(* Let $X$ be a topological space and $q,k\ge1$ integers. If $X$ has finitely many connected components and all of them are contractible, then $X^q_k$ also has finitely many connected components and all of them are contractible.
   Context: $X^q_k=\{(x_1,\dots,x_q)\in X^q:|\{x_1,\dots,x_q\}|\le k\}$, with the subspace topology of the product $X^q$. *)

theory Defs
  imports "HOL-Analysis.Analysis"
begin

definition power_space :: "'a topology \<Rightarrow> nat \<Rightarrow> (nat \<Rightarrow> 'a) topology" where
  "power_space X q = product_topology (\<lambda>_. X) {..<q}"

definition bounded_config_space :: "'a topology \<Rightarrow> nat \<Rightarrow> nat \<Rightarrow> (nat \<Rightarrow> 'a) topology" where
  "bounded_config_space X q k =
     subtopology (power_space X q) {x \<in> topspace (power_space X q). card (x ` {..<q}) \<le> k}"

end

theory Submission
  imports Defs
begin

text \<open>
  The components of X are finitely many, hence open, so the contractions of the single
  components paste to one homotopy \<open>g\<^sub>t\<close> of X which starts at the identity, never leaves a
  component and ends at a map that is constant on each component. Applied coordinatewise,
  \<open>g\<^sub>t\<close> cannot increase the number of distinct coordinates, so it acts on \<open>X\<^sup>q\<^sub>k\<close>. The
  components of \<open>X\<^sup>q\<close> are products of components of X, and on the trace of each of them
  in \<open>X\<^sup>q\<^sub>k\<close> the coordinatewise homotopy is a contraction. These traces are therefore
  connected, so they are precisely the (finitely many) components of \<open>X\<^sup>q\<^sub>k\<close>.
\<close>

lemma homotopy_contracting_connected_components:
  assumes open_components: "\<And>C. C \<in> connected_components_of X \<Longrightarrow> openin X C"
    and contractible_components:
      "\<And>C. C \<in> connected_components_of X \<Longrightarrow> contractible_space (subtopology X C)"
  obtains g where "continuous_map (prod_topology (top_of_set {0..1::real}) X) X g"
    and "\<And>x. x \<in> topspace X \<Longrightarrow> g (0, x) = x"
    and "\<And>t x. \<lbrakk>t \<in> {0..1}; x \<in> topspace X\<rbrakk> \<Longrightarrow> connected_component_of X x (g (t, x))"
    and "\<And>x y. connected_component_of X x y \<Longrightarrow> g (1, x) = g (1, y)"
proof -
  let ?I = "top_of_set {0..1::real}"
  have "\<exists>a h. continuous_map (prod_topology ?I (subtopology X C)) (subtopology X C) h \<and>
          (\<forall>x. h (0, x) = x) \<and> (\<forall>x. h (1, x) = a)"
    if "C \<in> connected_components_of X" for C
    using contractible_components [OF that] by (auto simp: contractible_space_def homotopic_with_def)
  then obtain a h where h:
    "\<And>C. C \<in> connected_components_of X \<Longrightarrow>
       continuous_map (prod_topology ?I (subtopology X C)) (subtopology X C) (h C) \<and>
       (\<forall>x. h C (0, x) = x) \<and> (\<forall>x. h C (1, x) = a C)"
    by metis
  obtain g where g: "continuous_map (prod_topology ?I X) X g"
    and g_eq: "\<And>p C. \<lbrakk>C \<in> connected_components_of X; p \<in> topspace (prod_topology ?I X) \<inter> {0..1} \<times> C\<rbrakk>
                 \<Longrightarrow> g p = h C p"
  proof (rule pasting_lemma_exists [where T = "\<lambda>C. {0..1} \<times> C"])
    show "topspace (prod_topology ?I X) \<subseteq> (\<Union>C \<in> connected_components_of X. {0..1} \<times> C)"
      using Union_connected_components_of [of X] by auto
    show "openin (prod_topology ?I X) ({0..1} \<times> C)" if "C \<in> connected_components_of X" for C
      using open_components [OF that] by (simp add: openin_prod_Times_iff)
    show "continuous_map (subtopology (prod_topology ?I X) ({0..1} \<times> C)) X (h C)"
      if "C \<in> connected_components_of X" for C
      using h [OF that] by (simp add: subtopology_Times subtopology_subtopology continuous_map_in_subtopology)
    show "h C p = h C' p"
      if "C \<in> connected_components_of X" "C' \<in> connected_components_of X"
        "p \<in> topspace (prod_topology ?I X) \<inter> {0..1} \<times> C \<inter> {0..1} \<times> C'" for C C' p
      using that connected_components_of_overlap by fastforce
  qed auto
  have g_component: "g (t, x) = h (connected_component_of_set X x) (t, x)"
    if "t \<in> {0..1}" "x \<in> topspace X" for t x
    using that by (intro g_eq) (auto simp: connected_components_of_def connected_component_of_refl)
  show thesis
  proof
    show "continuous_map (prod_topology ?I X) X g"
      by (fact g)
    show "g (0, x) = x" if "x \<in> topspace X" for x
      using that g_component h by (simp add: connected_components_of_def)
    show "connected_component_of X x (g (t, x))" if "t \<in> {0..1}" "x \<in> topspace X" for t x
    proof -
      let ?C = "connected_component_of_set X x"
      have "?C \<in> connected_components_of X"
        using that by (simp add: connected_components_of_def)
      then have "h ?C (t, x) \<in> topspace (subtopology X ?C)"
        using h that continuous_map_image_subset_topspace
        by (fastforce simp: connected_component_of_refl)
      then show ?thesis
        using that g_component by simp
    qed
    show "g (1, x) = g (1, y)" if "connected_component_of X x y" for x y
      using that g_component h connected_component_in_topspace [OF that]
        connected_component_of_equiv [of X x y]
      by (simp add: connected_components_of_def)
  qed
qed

======

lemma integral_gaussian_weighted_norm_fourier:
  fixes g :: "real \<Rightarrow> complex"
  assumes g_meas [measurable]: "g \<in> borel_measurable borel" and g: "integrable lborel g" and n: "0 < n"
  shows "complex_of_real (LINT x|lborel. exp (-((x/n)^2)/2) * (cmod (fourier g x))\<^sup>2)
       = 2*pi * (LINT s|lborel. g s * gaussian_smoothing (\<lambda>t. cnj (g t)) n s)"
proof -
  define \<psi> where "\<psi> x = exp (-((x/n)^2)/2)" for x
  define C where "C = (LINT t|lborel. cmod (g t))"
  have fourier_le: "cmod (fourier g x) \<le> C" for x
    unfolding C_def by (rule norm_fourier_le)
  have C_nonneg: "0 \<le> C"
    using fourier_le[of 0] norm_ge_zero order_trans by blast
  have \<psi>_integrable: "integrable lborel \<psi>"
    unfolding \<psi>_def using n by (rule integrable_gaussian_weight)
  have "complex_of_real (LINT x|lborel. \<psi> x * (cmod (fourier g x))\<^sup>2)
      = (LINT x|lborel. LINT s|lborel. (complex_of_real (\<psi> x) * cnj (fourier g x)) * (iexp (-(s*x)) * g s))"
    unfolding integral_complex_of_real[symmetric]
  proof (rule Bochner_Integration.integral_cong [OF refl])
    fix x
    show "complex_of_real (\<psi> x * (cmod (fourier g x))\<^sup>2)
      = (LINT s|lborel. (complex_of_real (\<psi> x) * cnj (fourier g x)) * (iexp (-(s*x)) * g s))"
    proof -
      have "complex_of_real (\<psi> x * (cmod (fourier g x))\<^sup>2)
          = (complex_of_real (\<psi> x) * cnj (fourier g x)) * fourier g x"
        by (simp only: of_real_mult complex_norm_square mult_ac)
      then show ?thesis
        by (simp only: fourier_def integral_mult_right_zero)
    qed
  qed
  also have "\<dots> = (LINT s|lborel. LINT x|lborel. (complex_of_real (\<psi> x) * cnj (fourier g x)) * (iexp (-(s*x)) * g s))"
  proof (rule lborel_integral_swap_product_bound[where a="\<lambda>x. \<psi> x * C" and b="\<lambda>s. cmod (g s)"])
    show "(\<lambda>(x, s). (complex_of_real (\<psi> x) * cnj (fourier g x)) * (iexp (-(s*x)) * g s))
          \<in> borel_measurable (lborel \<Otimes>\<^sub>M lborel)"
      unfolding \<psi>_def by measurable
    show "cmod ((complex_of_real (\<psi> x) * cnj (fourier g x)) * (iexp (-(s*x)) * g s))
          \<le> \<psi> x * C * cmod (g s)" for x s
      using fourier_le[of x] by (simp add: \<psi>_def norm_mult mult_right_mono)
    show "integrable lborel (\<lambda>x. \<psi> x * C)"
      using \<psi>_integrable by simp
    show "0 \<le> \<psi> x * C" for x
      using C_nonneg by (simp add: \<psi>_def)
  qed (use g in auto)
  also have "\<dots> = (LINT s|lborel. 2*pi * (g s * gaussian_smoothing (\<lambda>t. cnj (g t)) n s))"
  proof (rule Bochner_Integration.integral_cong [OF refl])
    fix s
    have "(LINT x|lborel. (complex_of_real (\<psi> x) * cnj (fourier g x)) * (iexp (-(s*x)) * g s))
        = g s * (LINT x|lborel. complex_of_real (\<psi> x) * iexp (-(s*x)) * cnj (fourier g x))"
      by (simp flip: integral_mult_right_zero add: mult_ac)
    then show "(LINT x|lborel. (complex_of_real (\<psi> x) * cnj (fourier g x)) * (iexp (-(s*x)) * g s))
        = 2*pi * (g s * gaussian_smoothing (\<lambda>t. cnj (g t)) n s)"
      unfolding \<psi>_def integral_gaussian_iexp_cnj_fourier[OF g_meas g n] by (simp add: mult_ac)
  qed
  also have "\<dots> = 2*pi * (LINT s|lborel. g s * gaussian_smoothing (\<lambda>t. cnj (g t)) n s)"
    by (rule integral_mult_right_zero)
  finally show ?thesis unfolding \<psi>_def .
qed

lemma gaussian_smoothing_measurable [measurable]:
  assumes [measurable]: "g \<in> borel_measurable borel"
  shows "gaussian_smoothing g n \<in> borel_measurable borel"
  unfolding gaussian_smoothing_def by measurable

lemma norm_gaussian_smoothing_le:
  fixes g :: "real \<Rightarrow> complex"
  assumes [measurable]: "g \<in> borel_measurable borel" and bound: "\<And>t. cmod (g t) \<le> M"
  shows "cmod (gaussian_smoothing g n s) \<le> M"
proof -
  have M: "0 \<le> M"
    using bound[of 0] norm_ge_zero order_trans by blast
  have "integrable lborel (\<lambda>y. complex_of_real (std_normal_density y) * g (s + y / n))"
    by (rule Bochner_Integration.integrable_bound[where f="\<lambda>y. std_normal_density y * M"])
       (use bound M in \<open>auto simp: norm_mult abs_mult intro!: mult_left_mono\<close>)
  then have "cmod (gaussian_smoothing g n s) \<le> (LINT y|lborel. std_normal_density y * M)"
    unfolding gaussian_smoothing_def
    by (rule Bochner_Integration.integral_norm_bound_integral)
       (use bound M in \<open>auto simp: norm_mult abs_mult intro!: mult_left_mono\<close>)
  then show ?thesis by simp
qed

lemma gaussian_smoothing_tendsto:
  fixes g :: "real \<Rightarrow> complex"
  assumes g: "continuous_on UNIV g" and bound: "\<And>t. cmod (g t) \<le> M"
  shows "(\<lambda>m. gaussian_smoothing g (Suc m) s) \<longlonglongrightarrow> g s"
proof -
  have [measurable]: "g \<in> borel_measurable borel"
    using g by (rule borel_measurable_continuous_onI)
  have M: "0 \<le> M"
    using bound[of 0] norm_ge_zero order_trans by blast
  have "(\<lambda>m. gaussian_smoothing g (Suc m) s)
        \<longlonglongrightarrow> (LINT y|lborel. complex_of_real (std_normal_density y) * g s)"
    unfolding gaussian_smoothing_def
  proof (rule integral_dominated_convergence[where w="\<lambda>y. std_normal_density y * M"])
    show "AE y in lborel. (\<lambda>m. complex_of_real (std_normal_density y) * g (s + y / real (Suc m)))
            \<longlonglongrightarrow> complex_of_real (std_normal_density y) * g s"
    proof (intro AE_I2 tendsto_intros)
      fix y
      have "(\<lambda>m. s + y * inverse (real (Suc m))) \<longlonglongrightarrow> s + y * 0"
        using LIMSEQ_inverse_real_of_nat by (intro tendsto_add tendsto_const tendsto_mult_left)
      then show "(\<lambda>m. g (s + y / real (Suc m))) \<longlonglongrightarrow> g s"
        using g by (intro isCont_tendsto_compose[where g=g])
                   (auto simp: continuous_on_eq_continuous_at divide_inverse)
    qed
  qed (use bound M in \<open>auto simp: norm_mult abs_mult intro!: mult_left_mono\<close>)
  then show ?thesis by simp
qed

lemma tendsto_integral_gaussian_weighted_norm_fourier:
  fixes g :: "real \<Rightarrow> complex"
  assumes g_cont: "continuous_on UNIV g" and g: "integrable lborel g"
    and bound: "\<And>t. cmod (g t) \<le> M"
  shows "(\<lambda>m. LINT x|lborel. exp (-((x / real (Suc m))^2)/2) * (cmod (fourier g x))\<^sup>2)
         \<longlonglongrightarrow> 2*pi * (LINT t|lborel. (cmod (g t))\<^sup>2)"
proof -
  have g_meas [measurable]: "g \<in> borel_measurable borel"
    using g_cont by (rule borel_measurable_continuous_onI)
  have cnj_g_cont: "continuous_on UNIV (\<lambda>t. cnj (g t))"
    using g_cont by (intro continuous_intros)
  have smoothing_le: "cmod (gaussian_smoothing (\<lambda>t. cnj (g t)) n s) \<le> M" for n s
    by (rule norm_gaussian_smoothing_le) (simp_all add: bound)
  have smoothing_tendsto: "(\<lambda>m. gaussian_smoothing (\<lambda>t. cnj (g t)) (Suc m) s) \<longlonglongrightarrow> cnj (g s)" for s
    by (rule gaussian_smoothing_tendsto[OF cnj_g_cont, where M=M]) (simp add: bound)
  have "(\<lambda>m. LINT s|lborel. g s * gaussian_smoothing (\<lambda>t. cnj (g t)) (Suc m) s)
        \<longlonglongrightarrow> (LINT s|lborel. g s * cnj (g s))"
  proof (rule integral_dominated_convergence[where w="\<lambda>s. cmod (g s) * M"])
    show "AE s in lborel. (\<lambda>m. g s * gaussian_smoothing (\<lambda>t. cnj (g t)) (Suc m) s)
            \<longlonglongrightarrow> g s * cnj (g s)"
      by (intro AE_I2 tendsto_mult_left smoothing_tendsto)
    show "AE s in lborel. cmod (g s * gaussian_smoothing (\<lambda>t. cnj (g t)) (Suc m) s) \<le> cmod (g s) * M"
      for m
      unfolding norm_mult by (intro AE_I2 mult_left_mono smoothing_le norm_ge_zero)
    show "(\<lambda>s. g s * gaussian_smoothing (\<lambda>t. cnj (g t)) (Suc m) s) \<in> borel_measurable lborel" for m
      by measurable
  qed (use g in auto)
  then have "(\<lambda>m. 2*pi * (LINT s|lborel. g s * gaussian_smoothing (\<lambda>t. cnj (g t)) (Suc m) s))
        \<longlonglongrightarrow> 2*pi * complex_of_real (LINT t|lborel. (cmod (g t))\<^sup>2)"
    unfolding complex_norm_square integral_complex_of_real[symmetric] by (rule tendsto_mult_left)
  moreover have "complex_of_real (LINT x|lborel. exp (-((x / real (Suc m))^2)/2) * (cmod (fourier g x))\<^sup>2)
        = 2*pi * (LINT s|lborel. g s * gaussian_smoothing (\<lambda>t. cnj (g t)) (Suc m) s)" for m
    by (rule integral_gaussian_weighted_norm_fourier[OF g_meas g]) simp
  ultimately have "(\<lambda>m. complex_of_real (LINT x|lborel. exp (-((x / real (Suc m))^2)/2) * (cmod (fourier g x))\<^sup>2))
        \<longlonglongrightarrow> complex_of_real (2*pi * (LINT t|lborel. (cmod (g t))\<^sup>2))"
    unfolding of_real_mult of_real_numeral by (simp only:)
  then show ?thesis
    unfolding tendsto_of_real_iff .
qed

======

▸ WHAT IS EXPECTED: Filter the records above for "symmetric" and copy every matching line.

▸ SOLUTION TO THIS TASK:
    unfolding integral_complex_of_real[symmetric]
    unfolding complex_norm_square integral_complex_of_real[symmetric] by (rule tendsto_mult_left)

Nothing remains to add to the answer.